▸ **Requirement**
Both the line with "using rtranclp_adj_path_exists[OF xy(3)]" and the line with "(cycle_edges (x #" in the records below must appear in the output, along with every line between them, exactly and with nothing added.

---------- Data provided

lemma linked_cycle:
  assumes "is_cycle (edges GH) zs"
  shows "linked_edges (cycle_edges zs)"
  using assms
proof (induction "card (set zs - S)" arbitrary: zs rule: less_induct)
  case less
  have c: "is_cycle (edges GH) zs" by (rule less.prems)
  have sZ: "set zs \<subseteq> verts GH" using is_cycle_verts[OF wf_GH c] .
  consider "set zs \<subseteq> verts G" | "set zs \<subseteq> verts H" | w w' where "w \<in> set zs" "w \<notin> verts H"
    "w' \<in> set zs" "w' \<notin> verts G"
    by blast
  then show ?case
  proof cases
    case 1
    then show ?thesis using linked_cycle_in_G[OF c] by blast
  next
    case 2
    then show ?thesis using linked_cycle_in_H[OF c] by blast
  next
    case 3
    then have "w \<in> verts G" "w \<notin> S" using sZ S_H by auto
    then obtain n x A y B where rot: "rotate n zs = x # A @ y # B" and xy: "x \<in> S" "y \<in> S"
      "(adj (induced G S))\<^sup>*\<^sup>* x y" and AB: "\<exists>a\<in>set A. a \<notin> S" "\<exists>b\<in>set B. b \<notin> S"
      using cycle_crosses_boundary_component[OF c 3(1) _ _ 3(3,4)] by blast
    have cZ: "is_cycle (edges GH) (x # A @ y # B)" using c rot is_cycle_rotate_n by metis
    then have "x \<noteq> y" unfolding is_cycle_def by auto
    obtain Q where Q: "Q \<noteq> []" "hd Q = x" "last Q = y" "walk_edges Q \<subseteq> edges (induced G S)"
      "distinct Q"
      using rtranclp_adj_path_exists[OF xy(3)] by blast
    obtain I where I: "Q = x # I @ [y]"
      using Q(1-3) \<open>x \<noteq> y\<close> by (cases Q; cases "tl Q" rule: rev_cases) auto
    have "set Q \<subseteq> S" using walk_set_subset[OF Q(4)] Q(2) xy(1) by auto
    then have "boundary_chord x A y B I" unfolding boundary_chord_def using cZ AB Q I by simp
    moreover have "set (x # A @ y # B) - S = set zs - S" using rot by (metis set_rotate)
    ultimately have "linked_edges (cycle_edges (x # A @ y # B))"
      using linked_cycle_if_boundary_chord less.hyps by blast
    then show ?thesis using rot cycle_edges_rotate_n by metis
  qed
qed

lemma block_edges_linked:
  assumes F: "is_block GH F" and e: "e \<in> edges F" "e' \<in> edges F"
  shows "block_linked\<^sup>*\<^sup>* e e'"
proof (rule biconn_edges_closed_under_cycles[where P = "block_linked\<^sup>*\<^sup>* e"])
  have sF: "subgraph F GH" using block_subgraph[OF F] .
  show "wf_graph F" using sF by (rule subgraph_wf)
  show "biconn F" using block_biconn[OF F] .
  fix zs assume c: "is_cycle (edges F) zs" and "\<exists>f\<in>cycle_edges zs. block_linked\<^sup>*\<^sup>* e f"
  moreover have "linked_edges (cycle_edges zs)"
    using linked_cycle is_cycle_mono[OF c] sF unfolding subgraph_def by blast
  ultimately show "\<forall>f\<in>cycle_edges zs. block_linked\<^sup>*\<^sup>* e f"
    unfolding linked_edges_def by (meson rtranclp_trans)
qed (use e in auto)

abbreviation "boundary_blocks \<equiv> nontriv_blocks (induced G S)"

lemma boundary_block_of_edge:
  assumes "e \<in> edges G" "e \<subseteq> S"
  obtains C where "C \<in> boundary_blocks" "e \<in> edges C"
proof -
  have e: "e \<in> edges (induced G S)" using assms by simp
  obtain C where C: "is_block (induced G S) C" "e \<in> edges C"
    using ex_block_with_edge[OF wf_graph_induced[OF wf_G] e] by blast
  have wC: "wf_graph C" using block_wf[OF C(1)] .
  obtain u v where uv: "e = {u, v}" "u \<noteq> v" using wf_graph_edgeE[OF wC C(2)] by metis
  have "e \<subseteq> verts C" using wf_graph_edge_subset[OF wC C(2)] .
  moreover have "finite (verts C)" using wC unfolding wf_graph_def by blast
  ultimately have "card e \<le> card (verts C)" by (rule card_mono[rotated])
  then have "C \<in> boundary_blocks" unfolding nontriv_blocks_def using C(1) uv by simp
  then show ?thesis using that C(2) by blast
qed

lemma boundary_block_subgraph:
  assumes "C \<in> boundary_blocks"
  shows "subgraph C G" "subgraph C H" "biconn C"
proof -
  have b: "is_block (induced G S) C" using assms unfolding nontriv_blocks_def by blast
  have wC: "wf_graph C" using block_wf[OF b] .
  have vs: "verts C \<subseteq> verts G \<inter> S" and es: "edges C \<subseteq> {e \<in> edges G. e \<subseteq> S}"
    using block_subgraph[OF b] unfolding subgraph_def by auto
  show "subgraph C G" unfolding subgraph_def using wC vs es by auto
  have "edges C \<subseteq> edges H" using es boundary_edge_H by blast
  then show "subgraph C H" unfolding subgraph_def using wC vs S_H by auto
  show "biconn C" using block_biconn[OF b] .
qed

lemma boundary_block_in_part_block:
  assumes C: "C \<in> boundary_blocks" "e \<in> edges C" and P: "part_block P" "e \<in> edges P"
  shows "subgraph C P"
proof -
  have wC: "wf_graph C" using boundary_block_subgraph(1)[OF C(1)] subgraph_wf by blast
  obtain u v where uv: "e = {u, v}" "u \<noteq> v" "u \<in> verts C" "v \<in> verts C"
    using wf_graph_edgeE[OF wC C(2)] by metis
  consider "is_block G P" | "is_block H P" using P(1) unfolding part_block_def by blast
  then show ?thesis
  proof cases
    case 1
    have "u \<in> verts P" "v \<in> verts P" using wf_graph_edge_subset[OF block_wf[OF 1] P(2)] uv(1)
      by auto
    then show ?thesis
      using subgraph_block_if_two_common_verts[OF wf_G 1 boundary_block_subgraph(1,3)[OF C(1)] uv(2)]
        uv(3,4) by blast
  next
    case 2
    have "u \<in> verts P" "v \<in> verts P" using wf_graph_edge_subset[OF block_wf[OF 2] P(2)] uv(1)
      by auto
    then show ?thesis
      using subgraph_block_if_two_common_verts[OF wf_H 2 boundary_block_subgraph(2,3)[OF C(1)] uv(2)]
        uv(3,4) by blast
  qed
qed

lemma part_block_S_block:
  assumes "part_block P" "e \<in> edges P" "e \<subseteq> S"
  shows "S_block G S P \<or> S_block H S P"
proof -
  have "e \<in> edges G" if "is_block G P" using block_subgraph[OF that] assms(2) unfolding subgraph_def
    by blast
  moreover have "e \<in> edges H" if "is_block H P" using block_subgraph[OF that] assms(2)
    unfolding subgraph_def by blast
  ultimately show ?thesis using assms unfolding part_block_def S_block_def by auto
qed

text \<open>Distinct blocks of one part share at most one vertex, and a vertex lying in both parts
  belongs to \<open>S\<close>; so an edge common to two part blocks is an edge of \<open>G[S]\<close>.\<close>

lemma part_blocks_common_edge:
  assumes P: "part_block P" "part_block P'" "P \<noteq> P'" "f \<in> edges P" "f \<in> edges P'"
  shows "f \<subseteq> S" "f \<in> edges G"
proof -
  have wP: "wf_graph P" "wf_graph P'" using P(1,2) block_wf unfolding part_block_def by blast+
  obtain u v where uv: "f = {u, v}" "u \<noteq> v" using wf_graph_edgeE[OF wP(1) P(4)] by metis
  have inP: "u \<in> verts P" "v \<in> verts P" "u \<in> verts P'" "v \<in> verts P'"
    using wf_graph_edge_subset[OF wP(1) P(4)] wf_graph_edge_subset[OF wP(2) P(5)] uv by auto
  have "\<not> (is_block G P \<and> is_block G P')" "\<not> (is_block H P \<and> is_block H P')"
    using block_eq_if_two_common_verts[OF wf_G _ _ uv(2) inP(1,3,2,4)]
      block_eq_if_two_common_verts[OF wf_H _ _ uv(2) inP(1,3,2,4)] P(3) by blast+
  then have "f \<in> edges G" "f \<in> edges H"
    using P(1,2,4,5) block_subgraph unfolding part_block_def subgraph_def by blast+
  then have "f \<subseteq> verts G" "f \<subseteq> verts H"
    using wf_graph_edge_subset[OF wf_G] wf_graph_edge_subset[OF wf_H] by blast+
  then show "f \<subseteq> S" using common_vert_in_S by blast
  show "f \<in> edges G" by fact
qed

definition respects_S_blocks :: "('v graph \<Rightarrow> 'a) \<Rightarrow> bool" where
  "respects_S_blocks g \<longleftrightarrow> (\<forall>C1\<in>boundary_blocks. \<forall>C2\<in>boundary_blocks.
     (\<exists>F'. S_block G S F' \<and> subgraph C1 F' \<and> subgraph C2 F') \<or>
     (\<exists>F'. S_block H S F' \<and> subgraph C1 F' \<and> subgraph C2 F') \<longrightarrow> g C1 = g C2)"

definition constant_near :: "('v graph \<Rightarrow> 'a) \<Rightarrow> 'a \<Rightarrow> 'v set \<Rightarrow> bool" where
  "constant_near g a f \<longleftrightarrow>
     (\<forall>P C. part_block P \<longrightarrow> f \<in> edges P \<longrightarrow> C \<in> boundary_blocks \<longrightarrow> subgraph C P \<longrightarrow> g C = a)"

lemma respects_S_blocksD:
  assumes g: "respects_S_blocks g" and P: "part_block P" "e \<in> edges P" "e \<subseteq> S"
    and C: "C1 \<in> boundary_blocks" "C2 \<in> boundary_blocks" "subgraph C1 P" "subgraph C2 P"
  shows "g C1 = g C2"
  using part_block_S_block[OF P] g C unfolding respects_S_blocks_def by blast

lemma constant_near_boundary_block:
  assumes g: "respects_S_blocks g" and C0: "C0 \<in> boundary_blocks" "e \<in> edges C0"
  shows "constant_near g (g C0) e"
  unfolding constant_near_def
proof (intro allI impI)
  fix P C assume P: "part_block P" "e \<in> edges P" and C: "C \<in> boundary_blocks" "subgraph C P"
  have "e \<subseteq> S" using C0 unfolding nontriv_blocks_def is_block_def subgraph_def by auto
  then show "g C = g C0"
    using respects_S_blocksD[OF g P _ C(1) C0(1) C(2) boundary_block_in_part_block[OF C0 P]]
      by blast
qed

lemma constant_near_block_linked:
  assumes g: "respects_S_blocks g" and f: "constant_near g a f" and ff': "block_linked f f'"
  shows "constant_near g a f'"
  unfolding constant_near_def
proof (intro allI impI)
  fix P C assume P: "part_block P" "f' \<in> edges P" and C: "C \<in> boundary_blocks" "subgraph C P"
  obtain P0 where P0: "part_block P0" "f \<in> edges P0" "f' \<in> edges P0"
    using ff' unfolding block_linked_def by blast
  show "g C = a"
  proof (cases "P = P0")
    case True then show ?thesis using f P0 C unfolding constant_near_def by blast
  next
    case False
    have f': "f' \<subseteq> S" "f' \<in> edges G" using part_blocks_common_edge[OF P(1) P0(1) False P(2) P0(3)] .
    obtain C' where C': "C' \<in> boundary_blocks" "f' \<in> edges C'"
      using boundary_block_of_edge[OF f'(2,1)] .
    have "g C' = a"
      using f P0(1,2) C'(1) boundary_block_in_part_block[OF C' P0(1,3)] unfolding constant_near_def
        by blast
    moreover have "g C = g C'"
      using respects_S_blocksD[OF g P f'(1) C(1) C'(1) C(2) boundary_block_in_part_block[OF C' P]] .
    ultimately show ?thesis by simp
  qed
qed

lemma constant_near_rtranclp:
  assumes g: "respects_S_blocks g" and ff': "block_linked\<^sup>*\<^sup>* f f'" and f: "constant_near g a f"
  shows "constant_near g a f'"
  using ff' f by (induction rule: rtranclp_induct) (auto intro: constant_near_block_linked[OF g])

--------------------

▸ **Solution to this exercise**
      using rtranclp_adj_path_exists[OF xy(3)] by blast
    obtain I where I: "Q = x # I @ [y]"
      using Q(1-3) \<open>x \<noteq> y\<close> by (cases Q; cases "tl Q" rule: rev_cases) auto
    have "set Q \<subseteq> S" using walk_set_subset[OF Q(4)] Q(2) xy(1) by auto
    then have "boundary_chord x A y B I" unfolding boundary_chord_def using cZ AB Q I by simp
    moreover have "set (x # A @ y # B) - S = set zs - S" using rot by (metis set_rotate)
    ultimately have "linked_edges (cycle_edges (x # A @ y # B))"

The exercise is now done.